Most major brands offer 14 to 20 named patterns, each combining a base colour, a print pattern, and a surface texture. Duradek has the largest catalogue. Smaller brands stick to 8 to 12 options. Across the industry, you're choosing within plank-look, tweed or granite, stone-look, or solid families.

Can vinyl decking match real wood?

It can mimic wood from a few feet away. Up close, plank-look vinyl reads as printed pattern rather than grain. The advantage over real wood is that it's waterproof and doesn't need staining. The trade is that the wood look is a print, not a material.

Bottom line

Pick the pattern family first. For most balcony or rooftop installs, that means tweed or granite.
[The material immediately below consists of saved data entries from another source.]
(* Let $W$ be the Witt algebra with basis $\{x_n\mid n\in\mathbb{Z}\}$ and bracket $[x_m,x_n]=(n-m)x_{m+n}$, and let $V$ be a left-symmetric algebra structure on the underlying space of $W$ with product $x_mx_n=f(m,n)x_{m+n}$ for some $f:\mathbb{Z}\times\mathbb{Z}\to\mathbb{C}$ and with $x_mx_n-x_nx_m=(n-m)x_{m+n}$. Then $V$, regarded as a $W$-module via left multiplication, is indecomposable, i.e. it is not a direct sum of two proper submodules.
   Context: A left-symmetric algebra is a vector space with bilinear product satisfying $(xy)z-x(yz)=(yx)z-y(xz)$; left multiplication gives a representation of the commutator Lie algebra. *)

theory Defs
  imports Complex_Main
begin

text \<open>The underlying space of the Witt algebra: finitely supported functions
  v : int -> complex, v k being the coefficient of the basis vector x_k.\<close>

definition fsupp :: "(int \<Rightarrow> complex) \<Rightarrow> bool" where
  "fsupp v \<longleftrightarrow> finite {k. v k \<noteq> 0}"

definition Vspace :: "(int \<Rightarrow> complex) set" where
  "Vspace = {v. fsupp v}"

text \<open>Basis-level conditions on the structure constants f, where x_m x_n = f m n x_(m+n).
  Left-symmetry: (x_a x_b) x_c - x_a (x_b x_c) = (x_b x_a) x_c - x_b (x_a x_c).\<close>

definition left_symmetric :: "(int \<Rightarrow> int \<Rightarrow> complex) \<Rightarrow> bool" where
  "left_symmetric f \<longleftrightarrow> (\<forall>a b c.
     f a b * f (a + b) c - f b c * f a (b + c) = f b a * f (a + b) c - f a c * f b (a + c))"

definition witt_commutator :: "(int \<Rightarrow> int \<Rightarrow> complex) \<Rightarrow> bool" where
  "witt_commutator f \<longleftrightarrow> (\<forall>m n. f m n - f n m = of_int (n - m))"

text \<open>Left multiplication by the basis element x_m on v = sum_k v k x_k:
  x_m v = sum_j v j f m j x_(m+j).\<close>

definition lmult :: "(int \<Rightarrow> int \<Rightarrow> complex) \<Rightarrow> int \<Rightarrow> (int \<Rightarrow> complex) \<Rightarrow> (int \<Rightarrow> complex)" where
  "lmult f m v = (\<lambda>k. f m (k - m) * v (k - m))"

text \<open>W-submodule of V (W acting by left multiplication; by linearity it suffices
  to require closure under the action of the basis elements x_m).\<close>

definition is_submodule :: "(int \<Rightarrow> int \<Rightarrow> complex) \<Rightarrow> (int \<Rightarrow> complex) set \<Rightarrow> bool" where
  "is_submodule f U \<longleftrightarrow>
     U \<subseteq> Vspace \<and> (\<lambda>_. 0) \<in> U \<and>
     (\<forall>u\<in>U. \<forall>w\<in>U. (\<lambda>k. u k + w k) \<in> U) \<and>
     (\<forall>c. \<forall>u\<in>U. (\<lambda>k. c * u k) \<in> U) \<and>
     (\<forall>m. \<forall>u\<in>U. lmult f m u \<in> U)"

definition indecomposable :: "(int \<Rightarrow> int \<Rightarrow> complex) \<Rightarrow> bool" where
  "indecomposable f \<longleftrightarrow> \<not> (\<exists>U1 U2.
     is_submodule f U1 \<and> is_submodule f U2 \<and>
     U1 \<noteq> Vspace \<and> U2 \<noteq> Vspace \<and>
     U1 \<inter> U2 = {\<lambda>_. 0} \<and>
     Vspace = {(\<lambda>k. u k + w k) | u w. u \<in> U1 \<and> w \<in> U2})"

end

theory Submission
  imports Defs
begin

text \<open>Put \<open>c = f 0 0\<close>. Left-symmetry with one index \<open>0\<close> shows that each \<open>f n 0\<close> is \<open>0\<close> or \<open>c\<close>,
  and that \<open>f a b \<noteq> 0\<close> forces \<open>f (a + b) 0 = f b 0\<close>. If \<open>f j 0 = 0\<close> although \<open>c \<noteq> 0\<close>, this
  makes \<open>f\<close> vanish at \<open>(-j, j)\<close>, \<open>(-2j, j)\<close>, \<open>(2j, -j)\<close>, and four more instances of the identity
  then give \<open>8c = -5j\<close>; since the vanishing propagates from \<open>j\<close> to \<open>2j\<close>, this is absurd.
  Hence \<open>x\<^sub>n x\<^sub>0 = c x\<^sub>n\<close> for all \<open>n\<close>, so \<open>x\<^sub>0\<close> acts diagonally with the distinct eigenvalues
  \<open>k + c\<close>, and in a decomposition \<open>V = U\<^sub>1 \<oplus> U\<^sub>2\<close> every basis vector lies in one summand, say
  \<open>x\<^sub>0 \<in> U\<^sub>1\<close>. A basis vector \<open>x\<^sub>j \<in> U\<^sub>2\<close> would give \<open>c x\<^sub>j = x\<^sub>j x\<^sub>0 \<in> U\<^sub>1 \<inter> U\<^sub>2\<close>, so \<open>c = 0\<close>,
  and the same separation argument provides exactly the vanishing needed for \<open>0 = 8c = -5j\<close>.\<close>

locale witt_lsa =
  fixes f :: "int \<Rightarrow> int \<Rightarrow> complex"
  assumes left_symmetric: "left_symmetric f"
    and witt_commutator: "witt_commutator f"
begin

lemma commutator: "f m n = f n m + of_int (n - m)"
  using witt_commutator unfolding witt_commutator_def by (metis diff_add_cancel add.commute)

lemma left_symmetric_identity: "of_int (b - a) * f (a + b) c = f b c * f a (b + c) - f a c * f b (a + c)"
proof -
  have "f a b * f (a + b) c - f b c * f a (b + c) = f b a * f (a + b) c - f a c * f b (a + c)"
    using left_symmetric unfolding left_symmetric_def by blast
  moreover have "of_int (b - a) = f a b - f b a"
    using commutator[of a b] by simp
  ultimately show ?thesis by (simp only: left_diff_distrib) (simp add: algebra_simps)
qed

text \<open>Indices as separate variables, so that \<open>rule\<close> matches instances such as \<open>f 0 j\<close> for \<open>a = -j, b = j\<close>.\<close>

lemma left_symmetric_identity_at:
  assumes "d = b - a" "p = a + b" "q = b + c" "r = a + c"
  shows "of_int d * f p c = f b c * f a q - f a c * f b r"
  using left_symmetric_identity assms by simp

lemma right_x0_cases: "f b 0 = 0 \<or> f b 0 = f 0 0"
proof -
  have "of_int b * f b 0 = f b 0 * f 0 b - f 0 0 * f b 0"
    by (rule left_symmetric_identity_at) simp_all
  then have "f b 0 * (f b 0 - f 0 0) = 0"
    using commutator[of 0 b] by (auto simp: algebra_simps)
  then show ?thesis by simp
qed

lemma structure_const_eq_0_if_right_x0_differs:
  assumes "f (b + c) 0 \<noteq> f c 0"
  shows "f b c = 0"
proof -
  have "of_int b * f b c = f b c * f 0 (b + c) - f 0 c * f b c"
    by (rule left_symmetric_identity_at) simp_all
  then have "f b c * (f (b + c) 0 - f c 0) = 0"
    using commutator[of 0 c] commutator[of 0 "b + c"] by (auto simp: algebra_simps)
  with assms show ?thesis by simp
qed

lemma eight_f00_eq:
  assumes j: "j \<noteq> 0" and "f j 0 = 0" and fmj0: "f (-j) 0 = f 0 0"
    and z1: "f (-j) j = 0" and z2: "f (-(2*j)) j = 0" and z3: "f (2*j) (-j) = 0"
  shows "8 * f 0 0 = -5 * of_int j" and "3 * f j j = 2 * of_int j"
proof -
  define J where "J = (of_int j :: complex)"
  have J: "J \<noteq> 0" using j by (simp add: J_def)
  have of_int_J: "of_int (2*j) = 2*J" "of_int (-3*j) = -3*J" by (simp_all add: J_def)
  have comm: "f j (-j) = -2*J" "f j (-(2*j)) = -3*J" "f (-j) (2*j) = 3*J"
    "f 0 j = J" "f 0 (-j) = f 0 0 - J" "f (2*j) (-(2*j)) = f (-(2*j)) (2*j) - 4*J"
    using assms commutator[of j "-j"] commutator[of j "-(2*j)"] commutator[of "-j" "2*j"]
      commutator[of 0 j] commutator[of 0 "-j"] commutator[of "2*j" "-(2*j)"]
    by (simp_all add: J_def)
  have "of_int (2*j) * f 0 j = f j j * f (-j) (2*j) - f (-j) j * f j 0"
    by (rule left_symmetric_identity_at) simp_all
  then have "2*J * J = f j j * (3*J)"
    unfolding of_int_J comm z1 by simp
  then show fjj: "3 * f j j = 2 * of_int j"
    using J by (simp add: J_def algebra_simps)
  have "of_int (-3*j) * f (-j) j = f (-(2*j)) j * f j (-j) - f j j * f (-(2*j)) (2*j)"
    by (rule left_symmetric_identity_at) simp_all
  moreover have "f j j \<noteq> 0"
    using fjj j by auto
  ultimately have z4: "f (-(2*j)) (2*j) = 0"
    unfolding z1 z2 by simp
  have "of_int (-3*j) * f j (-j) = f (-j) (-j) * f (2*j) (-(2*j)) - f (2*j) (-j) * f (-j) j"
    by (rule left_symmetric_identity_at) simp_all
  then have "J * (2 * f (-j) (-j) + 3 * J) = 0"
    unfolding of_int_J comm z3 z4 by algebra
  then have fmjmj: "2 * f (-j) (-j) = -3 * J"
    using J by (simp add: eq_neg_iff_add_eq_0)
  have "of_int (2*j) * f 0 (-j) = f j (-j) * f (-j) 0 - f (-j) (-j) * f j (-(2*j))"
    by (rule left_symmetric_identity_at) simp_all
  then have "2*J * (f 0 0 - J) = -2*J * f 0 0 - f (-j) (-j) * (-3*J)"
    unfolding of_int_J comm fmj0 by simp
  with fmjmj have "J * (8 * f 0 0 + 5 * J) = 0"
    by algebra
  then show "8 * f 0 0 = -5 * of_int j"
    using J by (simp add: J_def eq_neg_iff_add_eq_0)
qed

lemma right_x0_zero_doubles:
  assumes c: "f 0 0 \<noteq> 0" and j: "f j 0 = 0"
  shows "8 * f 0 0 = -5 * of_int j" and "f (2*j) 0 = 0"
proof -
  have j0: "j \<noteq> 0" using c j by auto
  have mj: "f (-j) 0 = f 0 0"
  proof (rule ccontr)
    assume "f (-j) 0 \<noteq> f 0 0"
    then have "f (-j) 0 = 0" using right_x0_cases by blast
    moreover have "of_int (2*j) * f 0 0 = f j 0 * f (-j) j - f (-j) 0 * f j (-j)"
      by (rule left_symmetric_identity_at) simp_all
    ultimately show False using c j j0 by simp
  qed
  have "f (-j) j = 0"
    using structure_const_eq_0_if_right_x0_differs[of "-j" j] c j by simp
  moreover have "f (-(2*j)) j = 0"
    using structure_const_eq_0_if_right_x0_differs[of "-(2*j)" j] c j mj by simp
  moreover have "f (2*j) (-j) = 0"
    using structure_const_eq_0_if_right_x0_differs[of "2*j" "-j"] c j mj by simp
  ultimately have "8 * f 0 0 = -5 * of_int j" and "3 * f j j = 2 * of_int j"
    using eight_f00_eq[OF j0 j mj] by auto
  moreover have "f j j \<noteq> 0"
    using \<open>3 * f j j = 2 * of_int j\<close> j0 by auto
  then have "f (2*j) 0 = f j 0"
    using structure_const_eq_0_if_right_x0_differs[of j j] by (metis mult_2)
  ultimately show "8 * f 0 0 = -5 * of_int j" and "f (2*j) 0 = 0"
    using j by simp_all
qed

lemma right_x0_const: "f n 0 = f 0 0"
proof (rule ccontr)
  assume n: "f n 0 \<noteq> f 0 0"
  then have "f n 0 = 0" using right_x0_cases by blast
  moreover have "f 0 0 \<noteq> 0" using n \<open>f n 0 = 0\<close> by simp
  ultimately have "8 * f 0 0 = -5 * of_int n" and "8 * f 0 0 = -5 * of_int (2*n)"
    using right_x0_zero_doubles by blast+
  then have "n = 0" by simp
  with n show False by simp
qed

lemma left_x0_eigenvalue: "f 0 k = of_int k + f 0 0"
  using commutator[of 0 k] right_x0_const[of k] by simp

end

definition basis_vector :: "int \<Rightarrow> int \<Rightarrow> complex" where
  "basis_vector n = (\<lambda>k. if k = n then 1 else 0)"

lemma basis_vector_in_Vspace: "basis_vector n \<in> Vspace"
  unfolding Vspace_def fsupp_def basis_vector_def by simp

lemma lmult_basis_vector: "lmult f m (basis_vector n) = (\<lambda>k. f m n * basis_vector (m + n) k)"
  unfolding lmult_def basis_vector_def by auto

lemma submodule_subset: "is_submodule f U \<Longrightarrow> U \<subseteq> Vspace"
  and submodule_zero: "is_submodule f U \<Longrightarrow> (\<lambda>_. 0) \<in> U"
  and submodule_add: "is_submodule f U \<Longrightarrow> u \<in> U \<Longrightarrow> w \<in> U \<Longrightarrow> (\<lambda>k. u k + w k) \<in> U"
  and submodule_scale: "is_submodule f U \<Longrightarrow> u \<in> U \<Longrightarrow> (\<lambda>k. c * u k) \<in> U"
  and submodule_lmult: "is_submodule f U \<Longrightarrow> u \<in> U \<Longrightarrow> lmult f m u \<in> U"
  unfolding is_submodule_def by blast+

lemma submodule_eq_VspaceI:
  assumes U: "is_submodule f U" and basis: "\<And>n. basis_vector n \<in> U"
  shows "U = Vspace"
proof
  show "U \<subseteq> Vspace" using U by (rule submodule_subset)
  have "v \<in> U" if "finite S" "{k. v k \<noteq> 0} \<subseteq> S" for S v
    using that
  proof (induction S arbitrary: v rule: finite_induct)
    case empty
    then have "v = (\<lambda>_. 0)" by auto
    then show ?case using U by (simp add: submodule_zero)
  next
    case (insert a S)
    define v' where "v' = (\<lambda>k. if k = a then 0 else v k)"
    have "v' \<in> U" using insert by (intro insert.IH) (auto simp: v'_def)
    then have "(\<lambda>k. v a * basis_vector a k + v' k) \<in> U"
      using U basis by (intro submodule_add submodule_scale)
    moreover have "(\<lambda>k. v a * basis_vector a k + v' k) = v"
      by (auto simp: v'_def basis_vector_def)
    ultimately show ?case by simp
  qed
  then show "Vspace \<subseteq> U" unfolding Vspace_def fsupp_def by blast
qed

lemma structure_const_eq_0_if_separated:
  assumes X: "is_submodule f X" and Y: "is_submodule f Y" and XY: "X \<inter> Y = {\<lambda>_. 0}"
    and a: "basis_vector a \<in> X" and ma: "basis_vector (m + a) \<in> Y"
  shows "f m a = 0"
proof -
  have "lmult f m (basis_vector a) \<in> X" using X a by (rule submodule_lmult)
  moreover have "lmult f m (basis_vector a) \<in> Y"
    unfolding lmult_basis_vector using Y ma by (rule submodule_scale)
  ultimately have "lmult f m (basis_vector a) = (\<lambda>_. 0)" using XY by blast
  then have "lmult f m (basis_vector a) (m + a) = 0" by simp
  then show ?thesis by (simp add: lmult_def basis_vector_def)
qed

text \<open>\<open>lmult f 0\<close> is diagonal, so \<open>x\<^sub>0 u - f 0 n u\<close> lies in \<open>U\<^sub>1 \<inter> U\<^sub>2\<close>; distinct eigenvalues
  then confine the support of \<open>u\<close> to \<open>{n}\<close>.\<close>

lemma basis_vector_in_summand:
  assumes U1: "is_submodule f U1" and U2: "is_submodule f U2" and U12: "U1 \<inter> U2 = {\<lambda>_. 0}"
    and inj: "inj (f 0)"
    and n: "basis_vector n = (\<lambda>k. u k + w k)" and u: "u \<in> U1" and w: "w \<in> U2"
  shows "basis_vector n \<in> U1 \<or> basis_vector n \<in> U2"
proof -
  define du where "du = (\<lambda>k. lmult f 0 u k + (- f 0 n) * u k)"
  define dw where "dw = (\<lambda>k. lmult f 0 w k + (- f 0 n) * w k)"
  have "du \<in> U1" unfolding du_def using U1 u by (intro submodule_add submodule_lmult submodule_scale)
  have "dw \<in> U2" unfolding dw_def using U2 w by (intro submodule_add submodule_lmult submodule_scale)
  have "du = (\<lambda>k. (-1) * dw k)"
  proof
    fix k
    have "(f 0 k - f 0 n) * (u k + w k) = 0"
      using fun_cong[OF n, of k] by (cases "k = n") (auto simp: basis_vector_def)
    then show "du k = (-1) * dw k" unfolding du_def dw_def lmult_def by (simp add: algebra_simps)
  qed
  then have "du \<in> U2" using submodule_scale[OF U2 \<open>dw \<in> U2\<close>, of "-1"] by simp
  with \<open>du \<in> U1\<close> U12 have du0: "du = (\<lambda>_. 0)" by blast
  have u_supp: "u k = 0" if "k \<noteq> n" for k
  proof -
    have "(f 0 k - f 0 n) * u k = 0"
      using fun_cong[OF du0, of k] by (simp add: du_def lmult_def algebra_simps)
    moreover have "f 0 k \<noteq> f 0 n" using inj that by (metis injD)
    ultimately show ?thesis by simp
  qed
  show ?thesis
  proof (cases "u n = 0")
    case True
    then have "u = (\<lambda>_. 0)" using u_supp by (metis ext)
    then have "w = basis_vector n" using n by simp
    then show ?thesis using w by simp
  next
    case False
    have "basis_vector n = (\<lambda>k. (1 / u n) * u k)"
      using u_supp False by (auto simp: basis_vector_def)
    moreover have "(\<lambda>k. (1 / u n) * u k) \<in> U1" using U1 u by (rule submodule_scale)
    ultimately show ?thesis by simp
  qed
qed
They age best, hide seams, and don't get punishingly hot in summer. Then pick a mid-tone colour within that family that works with the adjacent surfaces. Get physical samples. Look at them outside, in your light, next to your house.

If you're still working through the brand-level decision, my scored reviews cover what's on the market and how I score each brand against the six criteria. If you've narrowed down to a brand, ask their dealer for a sample of every pattern they actually have in stock. Don't pick from the catalogue page alone.